I use a 50lb CO2 tank with a welding regulator, you screw the airbrush hose right onto it. You don't need an air trap, makes no noise, uses no electricity and supplies consistent adjustable air pressure. You can buy one for about $120 or rent it for $4 a month. I have to get mine refilled about twice a year, which costs about $15 a pop. Now I have a 60 gal 7hp air compressor to run my pneumatic chisels for my stone sculptures(I borrowed it from work 2 years ago lol, shhhh) , but I don't use it for airbrushing.


----------



## Refit (Oct 24, 2005)

Okay,

I've been looking at the Craftsman 3 gal.

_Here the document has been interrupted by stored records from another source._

(* p-operator space structure: N n is the norm on M_n(X) *)
definition p_operator_space :: "real \<Rightarrow> (complex \<Rightarrow> 'a::banach \<Rightarrow> 'a)
    \<Rightarrow> (nat \<Rightarrow> (nat \<Rightarrow> nat \<Rightarrow> 'a) \<Rightarrow> real) \<Rightarrow> bool" where
  "p_operator_space p smul N \<longleftrightarrow>
     complex_banach smul \<and>
     (\<forall>n. \<forall>u\<in>mats n n. 0 \<le> N n u \<and> (N n u = 0 \<longleftrightarrow> u = (\<lambda>i j. 0))) \<and>
     (\<forall>n. \<forall>u\<in>mats n n. \<forall>v\<in>mats n n. N n (\<lambda>i j. u i j + v i j) \<le> N n u + N n v) \<and>
     (\<forall>n c. \<forall>u\<in>mats n n. N n (\<lambda>i j. smul c (u i j)) = cmod c * N n u) \<and>
     (\<forall>u\<in>mats 1 1. N 1 u = norm (u 0 0)) \<and>
     (\<forall>n m. \<forall>u\<in>mats n n. \<forall>v\<in>mats m m. N (n + m) (dsum n m u v) = max (N n u) (N m v)) \<and>
     (\<forall>n m \<alpha> \<beta>. \<forall>u\<in>mats m m.
        N n (mmul smul n m \<alpha> u \<beta>) \<le> opn p {..<n} {..<m} \<alpha> * N m u * opn p {..<m} {..<n} \<beta>)"

definition dual_space :: "(complex \<Rightarrow> 'a::banach \<Rightarrow> 'a) \<Rightarrow> ('a \<Rightarrow> complex) set" where
  "dual_space smul = {f. (\<forall>x y. f (x + y) = f x + f y) \<and> (\<forall>c x. f (smul c x) = c * f x) \<and>
                         (\<exists>C. \<forall>x. cmod (f x) \<le> C * norm x)}"

(* matrix norms on M_n(X') = CB_p(X, M_n) *)
definition dual_mnorm :: "real \<Rightarrow> (nat \<Rightarrow> (nat \<Rightarrow> nat \<Rightarrow> 'a::banach) \<Rightarrow> real)
    \<Rightarrow> nat \<Rightarrow> (nat \<Rightarrow> nat \<Rightarrow> ('a \<Rightarrow> complex)) \<Rightarrow> real" where
  "dual_mnorm p N n \<mu> = Sup {opn p ({..<n} \<times> {..<m}) ({..<n} \<times> {..<m})
        (\<lambda>(k, i) (l, j). \<mu> k l (x i j)) | m x. x \<in> mats m m \<and> N m x \<le> 1}"

definition lp_space :: "real \<Rightarrow> 'i set \<Rightarrow> ('i \<Rightarrow> complex) set" where
  "lp_space p I = {x. (\<forall>i. i \<notin> I \<longrightarrow> x i = 0) \<and> (\<lambda>i. cmod (x i) powr p) summable_on I}"

definition lp_norm :: "real \<Rightarrow> 'i set \<Rightarrow> ('i \<Rightarrow> complex) \<Rightarrow> real" where
  "lp_norm p I x = (\<Sum>\<^sub>\<infinity>i\<in>I. cmod (x i) powr p) powr (1 / p)"

(* T is an element of B(l_p(I)) (only its action on l_p(I) matters) *)
definition bounded_op :: "real \<Rightarrow> 'i set \<Rightarrow> (('i \<Rightarrow> complex) \<Rightarrow> ('i \<Rightarrow> complex)) \<Rightarrow> bool" where
  "bounded_op p I T \<longleftrightarrow>
     (\<forall>x\<in>lp_space p I. T x \<in> lp_space p I) \<and>
     (\<forall>x\<in>lp_space p I. \<forall>y\<in>lp_space p I. T (\<lambda>i. x i + y i) = (\<lambda>i. T x i + T y i)) \<and>
     (\<forall>c. \<forall>x\<in>lp_space p I. T (\<lambda>i. c * x i) = (\<lambda>i. c * T x i)) \<and>
     (\<exists>C. \<forall>x\<in>lp_space p I. lp_norm p I (T x) \<le> C * lp_norm p I x)"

Air Compressor, 1.5 hp, Horizontal Tank at sears.com, but a water trap isn't part of the package and, though I've searched, I can't locate _any_ on their site for it. Where have others found one for theirs?


----------



## Mark IX Fan (Nov 22, 2005)

Well, I've narrowed my compressor choices down to the following:

A new Craftsman 
1.5 hp max
1 hp running
125 PSI max
2.4 SCFM @ 90 PSI
3 gallon
Oil lubricated
$99.99

or....

A reconditioned Bostitch
2 hp
1.6 hp running
2.7 CFM @ 90 PSI
3.4 @ 40 PSI
Oil free
6 gallon tank
$139

Should I get one or the other? Should I stay or should I go? Why do fools fall in love?

Input highly appreciated!


----------



## Four Mad Men (Jan 26, 2004)

I've never owned a Craftsman air compressor but I can say two things at this point: 1) My Bostitch has never given me any problems and 2) I'd go with oil free.


----------